I pulled on a shirt as Rachel kissed me lightly. I probably had less of a stomach than before, and it was even more tanned — not so much like Moby Dick’s nose — but I still felt better covering it up.
“What’s the occasion?” I asked, looking at the food.
Rachel shrugged. “I ran into Peggy at the mall, she called Sully, and presto.”
Sully looked around. “It’s great out here. I’m so sick of studying.” He began to box, throwing little pitty-pat combinations first at nobody, then at me. “Maybe I could become Gerald the Fighting Psychiatrist. A sign on my couch would read
GET WELL OR ELSE.
” Then he hit me hard enough to sting and took off running.
We raced to the nearest fencerow, then turned, panting. Looking back, I watched Rachel and Peggy hold the checkered cloth taut, raise it till it filled with the warm spring air, then kneel and cover the soft earth at the edge of the field. Rachel opened a basket, and Peggy held out her hands for the napkins and for plates so shiny they reflected the sun.

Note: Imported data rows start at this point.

lemma uniformly_distributed_enumerate:
  fixes E :: "nat set" and a :: "nat \<Rightarrow> real"
  assumes "uniformly_distributed a" and "0 < p"
    and density: "(\<lambda>n. (\<Sum>i<n. (if i \<in> E then 1 else 0) - p) / real n) \<longlonglongrightarrow> 0"
    and intervals: "\<And>x y. x \<in> \<rat> \<Longrightarrow> y \<in> \<rat> \<Longrightarrow>
      (\<lambda>n. (\<Sum>i<n. (if i \<in> E then indicator {x..y} (a i) else 0) - p * indicator {x..y} (a i))
        / real n) \<longlonglongrightarrow> 0"
  shows "infinite E \<and> uniformly_distributed (\<lambda>i. a (enumerate E i))"
proof -
  have "(\<lambda>n. (\<Sum>i<n. 1) / real n :: real) \<longlonglongrightarrow> 1"
    by (rule Lim_transform_eventually[OF tendsto_const])
      (use eventually_gt_at_top[of "0::nat"] in \<open>eventually_elim, simp\<close>)
  with density have E_density: "(\<lambda>n. (\<Sum>i<n. if i \<in> E then 1 else 0) / real n) \<longlonglongrightarrow> p"
    using tendsto_selected_average[of E "\<lambda>_. 1" p 1] by simp
  have "frequency (\<lambda>i. a (enumerate E i)) {x..y} \<longlonglongrightarrow> y - x"
    if "x \<in> \<rat>" "y \<in> \<rat>" "0 \<le> x" "x < y" "y \<le> 1" for x y
  proof -
    have "(\<lambda>n. (\<Sum>i<n. indicator {x..y} (a i)) / real n) \<longlonglongrightarrow> y - x"
      using assms(1) that unfolding uniformly_distributed_iff_frequency frequency_def by simp
    from tendsto_selected_average[OF intervals[OF that(1,2)] this]
    show ?thesis
      unfolding frequency_def using tendsto_average_enumerate[OF E_density] \<open>0 < p\<close> by simp
  qed
  then show ?thesis
    using assms(1) infinite_if_density_nonzero[OF E_density] \<open>0 < p\<close>
    by (auto simp: uniformly_distributed_iff_frequency
        intro: frequency_tendsto_of_rational_intervals)
qed

lemma (in prob_space) prob_sum_deviation_ge:
  fixes X :: "nat \<Rightarrow> 'a \<Rightarrow> real"
  assumes indep: "indep_vars (\<lambda>_. borel) X UNIV"
    and bounded: "\<And>i x. x \<in> space M \<Longrightarrow> \<bar>X i x\<bar> \<le> B" and "0 < B" and "0 \<le> e"
  shows "prob {x \<in> space M. real n * e \<le> \<bar>(\<Sum>i<n. X i x) - (\<Sum>i<n. expectation (X i))\<bar>}
    \<le> 2 * exp (- e\<^sup>2 / (2 * B\<^sup>2)) ^ n"
proof (cases "n = 0")
  case True
  then show ?thesis by (simp add: prob_space)
next
  case False
  interpret Hoeffding_ineq M "{..<n}" X "\<lambda>_. - B" "\<lambda>_. B" "\<Sum>i<n. expectation (X i)"
  proof unfold_locales
    show "indep_vars (\<lambda>_. borel) X {..<n}" by (rule indep_vars_subset[OF indep]) simp
    show "AE x in M. X i x \<in> {- B..B}" for i
      using bounded[of _ i] by (intro AE_I2) (fastforce simp: abs_le_iff)
  qed simp
  have "prob {x \<in> space M. real n * e \<le> \<bar>(\<Sum>i<n. X i x) - (\<Sum>i<n. expectation (X i))\<bar>}
      \<le> 2 * exp (-2 * (real n * e)\<^sup>2 / (\<Sum>i<n. (B - - B)\<^sup>2))"
    by (rule Hoeffding_ineq_abs_ge) (use \<open>0 < B\<close> \<open>0 \<le> e\<close> False in simp_all)
  also have "-2 * (real n * e)\<^sup>2 / (\<Sum>i<n. (B - - B)\<^sup>2) = real n * (- e\<^sup>2 / (2 * B\<^sup>2))"
    using False \<open>0 < B\<close> by (simp add: power2_eq_square field_simps)
  also have "exp (real n * (- e\<^sup>2 / (2 * B\<^sup>2))) = exp (- e\<^sup>2 / (2 * B\<^sup>2)) ^ n"
    by (rule exp_of_nat_mult)
  finally show ?thesis .
qed

lemma LIMSEQ_zero_if_eventually_less_inverse_Suc:
  fixes f :: "nat \<Rightarrow> real"
  assumes "\<And>k. eventually (\<lambda>n. \<bar>f n\<bar> < 1 / real (Suc k)) sequentially"
  shows "f \<longlonglongrightarrow> 0"
proof (rule LIMSEQ_I)
  fix r :: real assume "0 < r"
  then obtain k where "inverse (real (Suc k)) < r" using reals_Archimedean by blast
  with assms[of k] have "eventually (\<lambda>n. norm (f n - 0) < r) sequentially"
    by (auto elim: eventually_mono simp: inverse_eq_divide)
  then show "\<exists>n0. \<forall>n\<ge>n0. norm (f n - 0) < r" by (simp add: eventually_sequentially)
qed

lemma (in prob_space) strong_law_of_large_numbers_bounded:
  fixes X :: "nat \<Rightarrow> 'a \<Rightarrow> real"
  assumes indep: "indep_vars (\<lambda>_. borel) X UNIV"
    and bounded: "\<And>i x. x \<in> space M \<Longrightarrow> \<bar>X i x\<bar> \<le> B"
  shows "AE x in M. (\<lambda>n. (\<Sum>i<n. X i x - expectation (X i)) / real n) \<longlonglongrightarrow> 0"
proof -
  have [measurable]: "X i \<in> borel_measurable M" for i
    using indep unfolding indep_vars_def by auto
  define B' where "B' = max B 1"
  have B': "0 < B'" "\<And>i x. x \<in> space M \<Longrightarrow> \<bar>X i x\<bar> \<le> B'"
    using bounded by (auto simp: B'_def intro: max.coboundedI1)
  define A where "A k n = {x \<in> space M. real n * (1 / real (Suc k)) \<le>
    \<bar>(\<Sum>i<n. X i x) - (\<Sum>i<n. expectation (X i))\<bar>}" for k n
  have "AE x in M. eventually (\<lambda>n. x \<in> space M - A k n) sequentially" for k
  proof (rule borel_cantelli_AE1)
    show "A k n \<in> sets M" for n unfolding A_def by measurable
    show "emeasure M (A k n) < \<infinity>" for n by (simp add: less_top[symmetric])
    define q where "q = exp (- (1 / real (Suc k))\<^sup>2 / (2 * B'\<^sup>2))"
    have "summable (\<lambda>n. 2 * q ^ n)"
      using \<open>0 < B'\<close> by (intro summable_mult summable_geometric) (simp add: q_def)
    moreover have "norm (measure M (A k n)) \<le> 2 * q ^ n" for n
      using prob_sum_deviation_ge[OF indep B'(2) B'(1), of "1 / real (Suc k)" n]
      unfolding A_def q_def by simp
    ultimately show "summable (\<lambda>n. measure M (A k n))" by (rule summable_comparison_test')
  qed
  then have "AE x in M. \<forall>k. eventually (\<lambda>n. x \<in> space M - A k n) sequentially"
    by (simp add: AE_all_countable)
  then show ?thesis
  proof (rule AE_mp[OF _ AE_I2], intro impI LIMSEQ_zero_if_eventually_less_inverse_Suc)
    fix x k assume "x \<in> space M" and "\<forall>k. eventually (\<lambda>n. x \<in> space M - A k n) sequentially"
    then have "eventually (\<lambda>n. x \<in> space M - A k n) sequentially" by blast
    then show "eventually (\<lambda>n. \<bar>(\<Sum>i<n. X i x - expectation (X i)) / real n\<bar> < 1 / real (Suc k))
        sequentially"
      using eventually_gt_at_top[of "0::nat"]
    proof eventually_elim
      case (elim n)
      then show ?case
        using \<open>x \<in> space M\<close> by (simp add: A_def sum_subtractf divide_simps not_le)
    qed
  qed
qed

lemma (in prob_space) AE_selected_discrepancy_tendsto_zero:
  fixes \<xi> :: "nat \<Rightarrow> 'a \<Rightarrow> 'b" and c :: "nat \<Rightarrow> real"
  assumes indep: "indep_vars (\<lambda>_. count_space UNIV) \<xi> UNIV"
    and prob: "\<And>i. prob {\<omega> \<in> space M. \<xi> i \<omega> = y} = p"
    and bounded: "\<And>i. \<bar>c i\<bar> \<le> B"
  shows "AE \<omega> in M. (\<lambda>n. (\<Sum>i<n. (if \<xi> i \<omega> = y then c i else 0) - p * c i) / real n) \<longlonglongrightarrow> 0"
proof -
  define X where "X i \<omega> = (if \<xi> i \<omega> = y then c i else 0)" for i \<omega>
  have [measurable]: "\<xi> i \<in> measurable M (count_space UNIV)" for i
    using indep unfolding indep_vars_def by auto
  have "indep_vars (\<lambda>_. borel) X UNIV"
    unfolding X_def by (rule indep_vars_compose2[OF indep]) simp
  moreover have "\<bar>X i \<omega>\<bar> \<le> B" for i \<omega>
    using bounded[of i] by (auto simp: X_def)
  moreover have "expectation (X i) = p * c i" for i
  proof -
    have "expectation (X i) = expectation (\<lambda>\<omega>. c i * indicator {\<omega> \<in> space M. \<xi> i \<omega> = y} \<omega>)"
      by (intro Bochner_Integration.integral_cong) (auto simp: X_def)
    then show ?thesis using prob[of i] by (simp add: Int_absorb2)
  qed
  ultimately show ?thesis
    using strong_law_of_large_numbers_bounded[of X B] by (simp add: X_def)
qed

theorem theoremA1:
  fixes M :: "'w measure" and a :: "nat \<Rightarrow> real" and p :: real
    and \<xi> :: "nat \<Rightarrow> 'w \<Rightarrow> nat"
  assumes "prob_space M"
    and "uniformly_distributed a"
    and "0 < p" and "p < 1"
    and "\<And>n. \<xi> n \<in> measurable M (count_space UNIV)"
    and "\<And>n \<omega>. \<omega> \<in> space M \<Longrightarrow> \<xi> n \<omega> \<in> {0, 1}"
    and "prob_space.indep_vars M (\<lambda>_. count_space UNIV) \<xi> UNIV"
    and "\<And>n. distr M (count_space UNIV) (\<xi> n) = distr M (count_space UNIV) (\<xi> 0)"
    and "measure M {\<omega> \<in> space M. \<xi> 0 \<omega> = 1} = p"
  shows "AE \<omega> in M. infinite {m. \<xi> m \<omega> = 1} \<and>
           uniformly_distributed (\<lambda>i. a (enumerate {m. \<xi> m \<omega> = 1} i))"
proof -
  interpret prob_space M by fact
  have "prob {\<omega> \<in> space M. \<xi> i \<omega> = 1} = measure (distr M (count_space UNIV) (\<xi> i)) {1}" for i
    using assms(5) by (simp add: measure_distr vimage_def Int_def conj_commute)
  then have prob: "prob {\<omega> \<in> space M. \<xi> i \<omega> = 1} = p" for i
    using assms(8,9) by metis
  have selected: "AE \<omega> in M. (\<lambda>n. (\<Sum>i<n. (if \<xi> i \<omega> = 1 then c i else 0) - p * c i) / real n)
      \<longlonglongrightarrow> 0" if "\<And>i. \<bar>c i\<bar> \<le> 1" for c
    by (rule AE_selected_discrepancy_tendsto_zero[OF assms(7) prob that])
  have density: "AE \<omega> in M. (\<lambda>n. (\<Sum>i<n. (if \<xi> i \<omega> = 1 then 1 else 0) - p) / real n) \<longlonglongrightarrow> 0"
    using selected[of "\<lambda>_. 1"] by simp
  have intervals: "AE \<omega> in M. \<forall>x\<in>\<rat>. \<forall>y\<in>\<rat>.
      (\<lambda>n. (\<Sum>i<n. (if \<xi> i \<omega> = 1 then indicator {x..y} (a i) else 0) - p * indicator {x..y} (a i))
        / real n) \<longlonglongrightarrow> 0"
    by (intro AE_ball_countable' countable_rat selected) (simp add: indicator_def)
  from density intervals show ?thesis
  proof eventually_elim
    case (elim \<omega>)
    then show ?case by (intro uniformly_distributed_enumerate[OF assms(2,3)]) simp_all
  qed
qed

end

“They’re really women, aren’t they, Sully?”
“Are you kidding? One of them’s wearing raccoon makeup and a man’s sport coat made into a skirt; the other one looks like she just stepped out of
Seventeen.
”
“I know, but they still seem more grown-up than I feel.”

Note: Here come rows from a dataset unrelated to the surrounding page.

(* Let $E$ and $F$ be unital operator systems and let $\phi:E\to F$ be a ucp map for which there exists a $*$-homomorphism $\widetilde\phi:C^*_{\mathrm{env}}(E)\to C^*_{\mathrm{env}}(F)$ with $\iota_F\circ\phi=\widetilde\phi\circ\iota_E$. Then for every $n$ there is a well-defined map $\phi^*:\mathcal V(E,n)\to\mathcal V(F,n)$ given by $\phi^*([x]_n)=[\phi^{(n)}(x)]_n$.
   Context: A unital operator system $(E,e)$ is a matrix-ordered $*$-vector space with Archimedean matrix order unit $e$; $C^*_{\mathrm{env}}(E)$ is its $C^*$-envelope with unital complete order embedding $\iota_E$; $\phi^{(n)}$ is the entrywise amplification. A self-adjoint $x\in M_n(E)$ is a hermitian form if there is $g>0$ with $|\psi^{(n)}(x)|\ge g\cdot\mathrm{id}^{\oplus n}$ for all pure and maximal ucp maps $\psi:E\to B(\mathcal H)$; equivalently $\iota_E^{(n)}(x)$ is invertible in $M_n(C^*_{\mathrm{env}}(E))$. $H(E,n)$ is the set of hermitian forms in $M_n(E)$ with the norm topology. For $x,x'\in H(E,n)$, $x\sim_n x'$ if there is a norm-continuous path $\tilde x:[0,1]\to H(E,n)$ (i.e. a hermitian form in $M_n(C([0,1])\otimes E)$) with $\tilde x(0)=x$, $\tilde x(1)=x'$. $\mathcal V(E,n)=\pi_0(H(E,n))$ is the set of $\sim_n$-classes $[x]_n$. *)

theory Defs
  imports "HOL-Analysis.Analysis"
begin

text \<open>The whole type is the C*-algebra.\<close>

class cstar_algebra = real_normed_algebra_1 + banach +
  fixes cstar :: "'a \<Rightarrow> 'a"
    and cscale :: "complex \<Rightarrow> 'a \<Rightarrow> 'a"
  assumes cscale_of_real: "cscale (complex_of_real r) x = scaleR r x"
    and cscale_assoc: "cscale a (cscale b x) = cscale (a * b) x"
    and cscale_add_right: "cscale a (x + y) = cscale a x + cscale a y"
    and cscale_add_left: "cscale (a + b) x = cscale a x + cscale b x"
    and cscale_mult_left: "cscale a x * y = cscale a (x * y)"
    and cscale_mult_right: "x * cscale a y = cscale a (x * y)"
    and norm_cscale: "norm (cscale a x) = cmod a * norm x"
    and cstar_cstar: "cstar (cstar x) = x"
    and cstar_add: "cstar (x + y) = cstar x + cstar y"
    and cstar_cscale: "cstar (cscale a x) = cscale (cnj a) (cstar x)"
    and cstar_mult: "cstar (x * y) = cstar y * cstar x"
    and cstar_identity: "norm (cstar x * x) = (norm x)^2"

text \<open>M_n(S): n\<times>n matrices with entries in S, represented as functions
nat \<Rightarrow> nat \<Rightarrow> 'a that vanish outside the index range.\<close>

definition mats :: "nat \<Rightarrow> 'a::zero set \<Rightarrow> (nat \<Rightarrow> nat \<Rightarrow> 'a) set" where
  "mats n S = {X. (\<forall>i j. i < n \<and> j < n \<longrightarrow> X i j \<in> S) \<and>
                  (\<forall>i j. \<not> (i < n \<and> j < n) \<longrightarrow> X i j = 0)}"

definition mmult :: "nat \<Rightarrow> (nat \<Rightarrow> nat \<Rightarrow> 'a::cstar_algebra) \<Rightarrow> (nat \<Rightarrow> nat \<Rightarrow> 'a) \<Rightarrow> nat \<Rightarrow> nat \<Rightarrow> 'a" where
  "mmult n X Y = (\<lambda>i j. if i < n \<and> j < n then (\<Sum>k<n. X i k * Y k j) else 0)"

definition madj :: "nat \<Rightarrow> (nat \<Rightarrow> nat \<Rightarrow> 'a::cstar_algebra) \<Rightarrow> nat \<Rightarrow> nat \<Rightarrow> 'a" where
  "madj n X = (\<lambda>i j. if i < n \<and> j < n then cstar (X j i) else 0)"

definition mone :: "nat \<Rightarrow> nat \<Rightarrow> nat \<Rightarrow> 'a::cstar_algebra" where
  "mone n = (\<lambda>i j. if i < n \<and> j < n \<and> i = j then 1 else 0)"

definition mdiff :: "(nat \<Rightarrow> nat \<Rightarrow> 'a::cstar_algebra) \<Rightarrow> (nat \<Rightarrow> nat \<Rightarrow> 'a) \<Rightarrow> nat \<Rightarrow> nat \<Rightarrow> 'a" where
  "mdiff X Y = (\<lambda>i j. X i j - Y i j)"

text \<open>The C*-norm of M_n(A), realised as adjointable operators on the Hilbert
module A^n:
  \<parallel>X\<parallel> = sup { \<parallel>\<xi>* X \<eta>\<parallel> : \<parallel>\<xi>*\<xi>\<parallel> \<le> 1, \<parallel>\<eta>*\<eta>\<parallel> \<le> 1 }.\<close>

definition mnorm :: "nat \<Rightarrow> (nat \<Rightarrow> nat \<Rightarrow> 'a::cstar_algebra) \<Rightarrow> real" where
  "mnorm n X = Sup {norm (\<Sum>i<n. \<Sum>j<n. cstar (\<xi> i) * X i j * \<eta> j) | \<xi> \<eta>.
       norm (\<Sum>i<n. cstar (\<xi> i) * \<xi> i) \<le> 1 \<and> norm (\<Sum>i<n. cstar (\<eta> i) * \<eta> i) \<le> 1}"

definition mpos :: "nat \<Rightarrow> (nat \<Rightarrow> nat \<Rightarrow> 'a::cstar_algebra) \<Rightarrow> bool" where
  "mpos n X \<longleftrightarrow> (\<exists>Y \<in> mats n UNIV. X = mmult n (madj n Y) Y)"

definition minvertible :: "nat \<Rightarrow> (nat \<Rightarrow> nat \<Rightarrow> 'a::cstar_algebra) \<Rightarrow> bool" where
  "minvertible n X \<longleftrightarrow> (\<exists>Y \<in> mats n UNIV. mmult n X Y = mone n \<and> mmult n Y X = mone n)"

definition amp :: "nat \<Rightarrow> ('a::zero \<Rightarrow> 'b::zero) \<Rightarrow> (nat \<Rightarrow> nat \<Rightarrow> 'a) \<Rightarrow> nat \<Rightarrow> nat \<Rightarrow> 'b" where
  "amp n \<phi> X = (\<lambda>i j. if i < n \<and> j < n then \<phi> (X i j) else 0)"

definition csubspace :: "'a::cstar_algebra set \<Rightarrow> bool" where
  "csubspace S \<longleftrightarrow> 0 \<in> S \<and> (\<forall>x\<in>S. \<forall>y\<in>S. x + y \<in> S) \<and> (\<forall>c. \<forall>x\<in>S. cscale c x \<in> S)"

text \<open>A (concrete) unital operator system inside the C*-algebra: a unital self-adjoint
complex subspace; its matrix order is the one inherited from M_n(A) and its
order unit is 1.\<close>
definition operator_system :: "'a::cstar_algebra set \<Rightarrow> bool" where
  "operator_system E \<longleftrightarrow> csubspace E \<and> 1 \<in> E \<and> (\<forall>x\<in>E. cstar x \<in> E)"

definition closed_ideal :: "'a::cstar_algebra set \<Rightarrow> bool" where
  "closed_ideal J \<longleftrightarrow> closed J \<and> csubspace J \<and> (\<forall>a. \<forall>x\<in>J. a * x \<in> J \<and> x * a \<in> J)"

definition generates :: "'a::cstar_algebra set \<Rightarrow> bool" where
  "generates E \<longleftrightarrow> (\<forall>S. closed S \<and> csubspace S \<and> 1 \<in> S \<and> (\<forall>x\<in>S. \<forall>y\<in>S. x * y \<in> S)
        \<and> (\<forall>x\<in>S. cstar x \<in> S) \<and> E \<subseteq> S \<longrightarrow> S = UNIV)"

text \<open>The ambient C*-algebra (whole type), with the inclusion of E, is the C*-envelope of E:
E generates it and its Shilov boundary ideal is trivial, i.e. no nonzero closed ideal J
is a boundary ideal (the quotient map A \<rightarrow> A/J is not completely isometric on E;
the norm of M_n(A/J) = M_n(A)/M_n(J) is the quotient norm).\<close>
definition cstar_envelope :: "'a::cstar_algebra set \<Rightarrow> bool" where
  "cstar_envelope E \<longleftrightarrow> generates E \<and>
     (\<forall>J. closed_ideal J \<and> J \<noteq> {0} \<longrightarrow>
        (\<exists>n. \<exists>X \<in> mats n E. (INF Y \<in> mats n J. mnorm n (mdiff X Y)) < mnorm n X))"

definition ucp :: "'a::cstar_algebra set \<Rightarrow> 'b::cstar_algebra set \<Rightarrow> ('a \<Rightarrow> 'b) \<Rightarrow> bool" where
  "ucp E F \<phi> \<longleftrightarrow> (\<forall>x\<in>E. \<phi> x \<in> F) \<and> \<phi> 1 = 1 \<and>
     (\<forall>x\<in>E. \<forall>y\<in>E. \<phi> (x + y) = \<phi> x + \<phi> y) \<and> (\<forall>c. \<forall>x\<in>E. \<phi> (cscale c x) = cscale c (\<phi> x)) \<and>
     (\<forall>n. \<forall>X \<in> mats n E. mpos n X \<longrightarrow> mpos n (amp n \<phi> X))"

definition star_hom :: "('a::cstar_algebra \<Rightarrow> 'b::cstar_algebra) \<Rightarrow> bool" where
  "star_hom \<psi> \<longleftrightarrow> (\<forall>x y. \<psi> (x + y) = \<psi> x + \<psi> y) \<and> (\<forall>c x. \<psi> (cscale c x) = cscale c (\<psi> x)) \<and>
     (\<forall>x y. \<psi> (x * y) = \<psi> x * \<psi> y) \<and> (\<forall>x. \<psi> (cstar x) = cstar (\<psi> x))"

“Girls have always seemed about three years ahead of me for as long as I can remember. And speaking of being a kid, I guess I’m not one anymore.”
“You’re kidding.”
“Couple of nights ago. But don’t let on. Peggy asked me not to tell.”

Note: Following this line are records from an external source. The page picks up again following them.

(* For a matroid $M$ of rank $r$ on $E=\{0,\dots,n\}$, \[ \int_{X_E} c(\mathcal Q_M) = \begin{cases}1 & \text{if $M$ is a loop, or $M=U_{1,E}$},\\ 0&\text{otherwise,}\end{cases}\qquad \int_{X_E} c(\mathcal S_M^{\vee}) = \begin{cases}1 & \text{if $M$ is a coloop, or $M=U_{n,E}$},\\ 0&\text{otherwise.}\end{cases} \]
   Context: $X_E$ is the $n$-dimensional permutohedral variety with $T=(\mathbb C^* )^E$-fixed points $p_\sigma$ indexed by permutations $\sigma$ of $E$, and $K_T^0(X_E)$ embeds into $\prod_\sigma\mathbb Z[T_0^{\pm1},\dots,T_n^{\pm1}]$ via restriction. $B_\sigma(M)$ is the lexicographically first basis of $M$ for the order $\sigma(0)\prec\cdots\prec\sigma(n)$; $[\mathcal S_M],[\mathcal Q_M]\in K_T^0(X_E)$ are the classes restricting at $p_\sigma$ to $\sum_{i\in B_\sigma(M)}T_i^{-1}$ and $\sum_{i\notin B_\sigma(M)}T_i^{-1}$; $c(\cdot)$ is the total non-equivariant Chern class, $\vee$ the dual. A loop (resp. coloop) as a matroid means a matroid of rank $0$ (resp. $1$) on a one-element ground set; $U_{r,E}$ is the uniform matroid of rank $r$ on $E$. *)

theory Defs
  imports Complex_Main "HOL-Combinatorics.Permutations" "HOL-Library.List_Lexorder"
begin

definition matroid_bases :: "nat \<Rightarrow> nat set set \<Rightarrow> bool" where
  "matroid_bases n Bs \<longleftrightarrow> Bs \<noteq> {} \<and> (\<forall>B\<in>Bs. B \<subseteq> {..n}) \<and>
     (\<forall>B1\<in>Bs. \<forall>B2\<in>Bs. \<forall>x\<in>B1 - B2. \<exists>y\<in>B2 - B1. insert y (B1 - {x}) \<in> Bs)"

definition uniform_bases :: "nat \<Rightarrow> nat \<Rightarrow> nat set set" where
  "uniform_bases n k = {B. B \<subseteq> {..n} \<and> card B = k}"

definition is_loop :: "nat \<Rightarrow> nat set set \<Rightarrow> bool" where
  "is_loop n Bs \<longleftrightarrow> n = 0 \<and> Bs = {{}}"

definition is_coloop :: "nat \<Rightarrow> nat set set \<Rightarrow> bool" where
  "is_coloop n Bs \<longleftrightarrow> n = 0 \<and> Bs = {{0}}"

text \<open>B_sigma(M): the lexicographically first basis for the order
  sigma(0) < ... < sigma(n); a basis is encoded by the increasing list of
  positions of its elements in this order, and lists are compared lexicographically.\<close>
definition lexfirst_basis :: "(nat \<Rightarrow> nat) \<Rightarrow> nat set set \<Rightarrow> nat set" where
  "lexfirst_basis \<sigma> Bs = arg_min (\<lambda>B. sorted_list_of_set (inv \<sigma> ` B)) (\<lambda>B. B \<in> Bs)"

text \<open>Elementary symmetric function e_k of the values x i, i in A (degree-k part of
  the total Chern class with Chern roots x i).\<close>
definition elem_sym :: "nat \<Rightarrow> nat set \<Rightarrow> (nat \<Rightarrow> real) \<Rightarrow> real" where
  "elem_sym k A x = (\<Sum>S\<in>{S. S \<subseteq> A \<and> card S = k}. \<Prod>i\<in>S. x i)"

“Rachel too.” We were shaking hands and grinning like we’d just closed some stupendous deal.
“I was so scared,” he said. “And it wasn’t anything like those X-rated movies we saw in Love’s Park where the guy is always leering and sweating. First of all, it just kind of happened all on its own.”
“God, I know that one.”
“You too?”
“The first time, yeah.”
“The first time? Are you still doing it?”
“Not right now. I’m talking to you; this is
social
intercourse, remember.”
Sully laughed a little nervously, then got quiet again. I knew he had more on his mind.
“I really like Peggy,” he said intently. “She’s so…” He squinted and looked west, as if the word were written on the horizon. “Kind,” he said finally. “She’s really got a good heart. I mean, sure it comes naturally and all that, but I was still really clumsy and she made me feel like a goddamned king.”
We were leaning on a rail fence, a real one. I don’t think Lincoln had split the logs or anything, but somebody a long time ago had worked hard on them. I moved my arm so our elbows touched and Sully grinned up at me.
“What’s it like the second time?”
“Different. Better in a way, naturally. We’ve got all this birth control stuff, so —”
“What do you guys use?”
“Everything. What about you?”
He shrugged. “I guess I thought that Peggy was on the pill.”
“Probably.”
“Still, I’d better check. My dad says sperm are really tricky devils.”
I shook my head. “All that crap you hear about in health ed. about the awesome responsibility that goes along with sex turns out to be true.”
“I used to think that if I was a surgeon instead of a shrink, I’d give anybody an abortion anytime she wanted one. Now I’m not so sure. I mean, is that any way to make a living?”
“How about plastic surgery.”
“Isn’t that a lie? You’re not young; you just look young.”
I waved my hand at him, palm flat. “Plastic surgery is okay. It’s in the Bible, in the Lost Cosmetic Scrolls. ‘Thou shalt lift thy jowls if thou wantest to and thy behind also may be hoisted, sometimes in lean years, sometimes in fat.’”
He laughed at my nonsense, then turned around, resting his elbows on the rough wood like some guy at a bar.
“Look at them,” he said. “God, they’re our girlfriends. I never had a girlfriend before.”
“They’re waving to us,” I said. “Let’s go eat.”
“Do you guys do it a lot?”
“Sure,” I said. “I eat lunch every day.”
Full of tuna mayonnaise and Ruffles, the heavenly taste of chocolate cake still in my mouth, Rachel’s hand on mine, the sun pouring down on everything, me feeling happy and safe and content: we lay down — moving some things aside, putting others away — with all our heads together and our feet pointing off in the four directions of the compass.